┏━━
lemma card_never_selected_cut_edge_le:
  assumes "simple_graph V E" "e \<in> cut_edges V E Y" "max_degree V E = \<Delta>" "1 \<le> \<Delta>"
    and "27 * real \<Delta> * ln (real \<Delta>) \<le> real k"
  shows "real (card {w \<in> (V - Y) \<rightarrow>\<^sub>E ({..<k} \<rightarrow>\<^sub>E {..<2 * \<Delta>}).
            \<forall>i<k. \<not> selects w (outer_end Y e) (outer_nbhd E Y e) i})
    \<le> 1 / real \<Delta> ^ 4 * real (card ((V - Y) \<rightarrow>\<^sub>E ({..<k} \<rightarrow>\<^sub>E {..<2 * \<Delta>})))"
proof -
  let ?D = "outer_nbhd E Y e"
  have "finite (V - Y)"
    using assms(1) by (simp add: simple_graph_def)
  moreover have "finite ?D"
    using finite_subset[OF outer_nbhd_subset[OF assms(1)] calculation] .
  then have "1 \<le> card ?D"
    using outer_end_in_outer_nbhd[OF assms(2)] by (auto simp: Suc_le_eq card_gt_0_iff)
  moreover have "card ?D \<le> 2 * \<Delta>"
    using card_outer_nbhd_le[OF assms(1,2)] assms(3) by simp
  ultimately have bound: "(1 - real (2 * \<Delta> - 1) ^ (card ?D - 1) / real (2 * \<Delta>) ^ card ?D) ^ k
      \<le> 1 / real \<Delta> ^ 4"
    by (intro never_selected_probability_le assms(4,5))
  have "real (card {w \<in> (V - Y) \<rightarrow>\<^sub>E ({..<k} \<rightarrow>\<^sub>E {..<2 * \<Delta>}).
            \<forall>i<k. \<not> selects w (outer_end Y e) ?D i})
    = (1 - real (2 * \<Delta> - 1) ^ (card ?D - 1) / real (2 * \<Delta>) ^ card ?D) ^ k
      * real (card ((V - Y) \<rightarrow>\<^sub>E ({..<k} \<rightarrow>\<^sub>E {..<2 * \<Delta>})))"
    using assms(4) \<open>finite (V - Y)\<close> outer_nbhd_subset[OF assms(1)] outer_end_in_outer_nbhd[OF assms(2)]
    by (intro card_never_selected) auto
  with mult_right_mono[OF bound] show ?thesis
    by simp
qed

lemma exists_colouring_selecting_cut_edges:
  assumes "simple_graph V E" "max_degree V E = \<Delta>" "8 \<le> \<Delta>"
    and "27 * real \<Delta> * ln (real \<Delta>) \<le> real k"
  shows "\<exists>w. \<forall>e\<in>cut_edges V E Y. \<exists>i<k. selects w (outer_end Y e) (outer_nbhd E Y e) i"
proof -
  let ?R = "{..<k} \<rightarrow>\<^sub>E {..<2 * \<Delta>}"
  define A where
    "A e = {w \<in> (V - Y) \<rightarrow>\<^sub>E ?R. \<forall>i<k. \<not> selects w (outer_end Y e) (outer_nbhd E Y e) i}" for e
  interpret counting_local_lemma "V - Y" ?R "cut_edges V E Y" A "outer_nbhd E Y"
    "1 / real \<Delta> ^ 4" "2 * \<Delta> ^ 3"
  proof
    show "finite (V - Y)"
      using assms(1) by (simp add: simple_graph_def)
    show "finite (cut_edges V E Y)"
      using finite_edges[OF assms(1)] by (rule finite_subset[rotated]) (auto simp: cut_edges_def)
    show "finite ?R" "?R \<noteq> {}"
      using assms(3) by (auto simp: finite_PiE PiE_eq_empty_iff lessThan_empty_iff)
    show "A e \<subseteq> (V - Y) \<rightarrow>\<^sub>E ?R" "outer_nbhd E Y e \<subseteq> V - Y" for e
      using outer_nbhd_subset[OF assms(1)] by (auto simp: A_def)
    show "depends_only_on (V - Y) ?R (outer_nbhd E Y e) (A e)" if "e \<in> cut_edges V E Y" for e
      unfolding A_def by (rule depends_only_on_never_selected[OF outer_end_in_outer_nbhd[OF that]])
    show "real (card (A e)) \<le> 1 / real \<Delta> ^ 4 * real (card ((V - Y) \<rightarrow>\<^sub>E ?R))"
      if "e \<in> cut_edges V E Y" for e
      unfolding A_def using card_never_selected_cut_edge_le[OF assms(1) that assms(2) _ assms(4)] assms(3)
      by simp
    show "card {f \<in> cut_edges V E Y. outer_nbhd E Y f \<inter> outer_nbhd E Y e \<noteq> {}} \<le> 2 * \<Delta> ^ 3"
      if "e \<in> cut_edges V E Y" for e
      using card_cut_edges_meeting_outer_nbhd_le[OF assms(1) that] assms(2) by simp
    show "0 \<le> 1 / real \<Delta> ^ 4" "1 \<le> 2 * \<Delta> ^ 3"
      using assms(3) by auto
    have "real \<Delta> ^ 4 = real \<Delta> ^ 3 * real \<Delta>"
      by (simp add: power_Suc2[symmetric])
    then have "4 * (1 / real \<Delta> ^ 4) * real (2 * \<Delta> ^ 3) = 8 / real \<Delta>"
      using assms(3) by simp
    then show "4 * (1 / real \<Delta> ^ 4) * real (2 * \<Delta> ^ 3) \<le> 1"
      using assms(3) by simp
  qed
  obtain w where "\<forall>e\<in>cut_edges V E Y. w \<notin> A e" "w \<in> (V - Y) \<rightarrow>\<^sub>E ?R"
    using exists_avoiding_all by blast
  then show ?thesis
    unfolding A_def by blast
qed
┗━━
**AIM OF THE EXERCISE:** The lines above, from the first through the one containing "using card_outer_nbhd_le[OF assms(1,2)]", must be restated word for word, with nothing added.

**EXERCISE ANSWER:**
lemma card_never_selected_cut_edge_le:
  assumes "simple_graph V E" "e \<in> cut_edges V E Y" "max_degree V E = \<Delta>" "1 \<le> \<Delta>"
    and "27 * real \<Delta> * ln (real \<Delta>) \<le> real k"
  shows "real (card {w \<in> (V - Y) \<rightarrow>\<^sub>E ({..<k} \<rightarrow>\<^sub>E {..<2 * \<Delta>}).
            \<forall>i<k. \<not> selects w (outer_end Y e) (outer_nbhd E Y e) i})
    \<le> 1 / real \<Delta> ^ 4 * real (card ((V - Y) \<rightarrow>\<^sub>E ({..<k} \<rightarrow>\<^sub>E {..<2 * \<Delta>})))"
proof -
  let ?D = "outer_nbhd E Y e"
  have "finite (V - Y)"
    using assms(1) by (simp add: simple_graph_def)
  moreover have "finite ?D"
    using finite_subset[OF outer_nbhd_subset[OF assms(1)] calculation] .
  then have "1 \<le> card ?D"
    using outer_end_in_outer_nbhd[OF assms(2)] by (auto simp: Suc_le_eq card_gt_0_iff)
  moreover have "card ?D \<le> 2 * \<Delta>"
    using card_outer_nbhd_le[OF assms(1,2)] assms(3) by simp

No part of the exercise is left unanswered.